I am humbled to realize i dont know what the market knows regarding the recent slide.

Also, the float is super low (18%) with 82% held by the founding family.

If sentiment is weak, it could push the stock easily down. But if the sentiment gets better, it could go up easily.

Leo's avatar

Hi Kumar, thanks for the great feedback. We think the simplest explanation on the recent decrease is that this stock was absolutely loved by Wall Street since the IPO. The story was almost perfect: great industry, taking shares, amazingly operated, clean financials, and an easy theme with an aging population and growth in demand for biologics, etc. From our experience, several large small-cap-only funds had this stock as a "forever holding", purchasing when it is low and trimming when it gets higher. And I think this was reflected in the valuation. When it traded at 40x the cash it generates per year, you need it to be one of the best businesses in the world, and we clearly would not have bought at that level.

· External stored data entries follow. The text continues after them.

(* Let $\alpha\neq 0$, $\beta,\gamma$ be real numbers and $\lambda$ a nonnegative integer. For all nonnegative integers $n$, $$\mathcal{E}_{n}^{(\lambda)}(\alpha,\beta,\gamma)=(-1)^{n}A_{n}^{\lambda,-1/2}(\alpha,-\beta,-\gamma)=A_{n}^{\lambda,-1/2}(-\alpha,\beta,\gamma).$$
   Context: For a number $t$ and $\alpha$, the generalised factorial is $(t|\alpha)_n=\prod_{j=0}^{n-1}(t-j\alpha)$ for $n\ge 1$ and $(t|\alpha)_0=1$. For parameters $\alpha,\beta,\gamma$, the generalised Stirling numbers $S(n,k,\alpha,\beta,\gamma)$ ($0\le k\le n$) are defined by the polynomial identity $(t|\alpha)_n=\sum_{k=0}^{n}S(n,k,\alpha,\beta,\gamma)\,(t-\gamma|\beta)_k$ in the variable $t$. For a nonnegative integer $\lambda$ put $\binom{k+\lambda-1}{k}=\lambda(\lambda+1)\cdots(\lambda+k-1)/k!$ (equal to $1$ for $k=0$). Define $$A^{\lambda,x}_n(\alpha,\beta,\gamma)=\sum_{k=0}^{n}\binom{k+\lambda-1}{k}(-1)^{n+k}\beta^k k!\,S(n,k,\alpha,-\beta,-\gamma)\,x^k .$$ The higher order generalised Euler polynomials $\mathcal{E}_n^{(\lambda)}(\alpha,\beta,x)$ are defined by the formal power series identity $$\left[\frac{2}{(1+\alpha t)^{\beta/\alpha}+1}\right]^{\lambda}(1+\alpha t)^{x/\alpha}=\sum_{n=0}^{\infty}\mathcal{E}_{n}^{(\lambda)}(\alpha,\beta,x)\frac{t^{n}}{n!},$$ where $(1+\alpha t)^{c}=\sum_{j\ge0}\binom{c}{j}\alpha^jt^j$. *)

theory Defs
  imports "HOL-Computational_Algebra.Formal_Power_Series"
begin

definition gfact :: "real \<Rightarrow> real \<Rightarrow> nat \<Rightarrow> real" where
  "gfact t a n = (\<Prod>j<n. t - real j * a)"

text \<open>Generalised Stirling numbers S(n,k,a,b,c), defined by the polynomial identity
  (t|a)_n = sum_{k=0}^n S(n,k,a,b,c) (t-c|b)_k for all t; values for k > n are set to 0
  to make the description unique.\<close>
definition gstirling :: "nat \<Rightarrow> nat \<Rightarrow> real \<Rightarrow> real \<Rightarrow> real \<Rightarrow> real" where
  "gstirling n k a b c =
     (THE s :: nat \<Rightarrow> real. (\<forall>t. gfact t a n = (\<Sum>i\<le>n. s i * gfact (t - c) b i))
                          \<and> (\<forall>i>n. s i = 0)) k"

definition Apoly :: "nat \<Rightarrow> nat \<Rightarrow> real \<Rightarrow> real \<Rightarrow> real \<Rightarrow> real \<Rightarrow> real" where
  "Apoly n lam x a b c =
     (\<Sum>k\<le>n. (pochhammer (real lam) k / fact k) * (-1) ^ (n + k) * b ^ k * fact k
              * gstirling n k a (- b) (- c) * x ^ k)"

definition binom_fps :: "real \<Rightarrow> real \<Rightarrow> real fps" where
  "binom_fps a e = Abs_fps (\<lambda>j. (e gchoose j) * a ^ j)"

definition geuler :: "nat \<Rightarrow> nat \<Rightarrow> real \<Rightarrow> real \<Rightarrow> real \<Rightarrow> real" where
  "geuler n lam a b x =
     fact n * fps_nth ((fps_const 2 * inverse (binom_fps a (b / a) + 1)) ^ lam
                        * binom_fps a (x / a)) n"

end

theory Submission
  imports Defs "HOL-Computational_Algebra.Polynomial"
begin

(* Put B = (1 + \<alpha> t)^(\<beta>/\<alpha>) and G = (1 + \<alpha> t)^(\<gamma>/\<alpha>). The exponential generating
   function of the generalised Stirling numbers is given by
   k! \<beta>^k \<Sum>_n S(n,k,\<alpha>,\<beta>,\<gamma>) t^n/n! = (B - 1)^k G:
   both sides satisfy the same triangular recurrence in n, the right-hand side because
   (1 + \<alpha> t) d/dt (1 + \<alpha> t)^(e/\<alpha>) = e (1 + \<alpha> t)^(e/\<alpha>).
   Since 2/(B + 1) = 1/(1 + V) with V = (B - 1)/2, expanding (1 + V)^(-\<lambda>) binomially shows
   that the n-th Euler coefficient is \<Sum>_k (\<lambda>)_k (-\<beta>/2)^k S(n,k,\<alpha>,\<beta>,\<gamma>), and both
   A-expressions reduce to this sum via S(n,k,-\<alpha>,-\<beta>,-\<gamma>) = (-1)^(n+k) S(n,k,\<alpha>,\<beta>,\<gamma>). *)

unbundle fps_syntax

fun gstir :: "nat \<Rightarrow> nat \<Rightarrow> real \<Rightarrow> real \<Rightarrow> real \<Rightarrow> real" where
  "gstir 0 k a b c = (if k = 0 then 1 else 0)"
| "gstir (Suc n) k a b c = (if k = 0 then 0 else gstir n (k - 1) a b c)
      + (c + real k * b - real n * a) * gstir n k a b c"

lemma gstir_eq_0: "n < k \<Longrightarrow> gstir n k a b c = 0"
  by (induction n arbitrary: k) auto

lemma gfact_Suc: "gfact t a (Suc n) = gfact t a n * (t - real n * a)"
  by (simp add: gfact_def)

But then you had one big thing: STVN was not disclosing the exact % of sales from GLP-1 (the specific concern, as other oral biologics are not in concern for now). Everyone knew they benefited; equity research tried to estimate the percentage and it started to become a worry (they finally disclosed last earnings call it to be 20%). I think the concern was simple: STVN did well with injectable syringes and just built enormous facilities because of this demand, and now there is news that oral is getting more and more effective. So now the market is thinking that a big reason for the growth may become negative because people will buy oral instead of injectable GLP-1, therefore selling STVN and rotating into other "less risky" life science companies.

For sure, with the higher float it is a higher than typical risk/reward. So a very clean story turning into an okay-ish clean story makes it deserve a much lower stock price. Yes, other news on increased efficacy and less need for injectables can weigh on the stock. We still like it and believe financials will continue to do extremely well because injectables still have their place as we outlined in the report. Our view is that the market will eventually come back with the continued financial growth.

jack's avatar

Bought STVN 3 months past. Waiting patiently whilst monitoring the thesis and rerate environment. Earnings upcoming will add some color .

Aurelion Research's avatar

STVN is starting to turn up! We cover our updated view shortly after the recent earnings here if you are ever interested in a paid subscription. We will update our price-target soon as well. Valuation can get out of hand quickly on this one: https://aurelionresearch.substack.com/p/flash-note-weekly-earnings-review?r=1uqxdl

jack's avatar

Thanks for the invite, I'll check you out. Are you still holding CLBT?

Aurelion Research's avatar

Yes, currently holding it. We are looking forward to their earnings this week, and we still like the stock heading into earnings.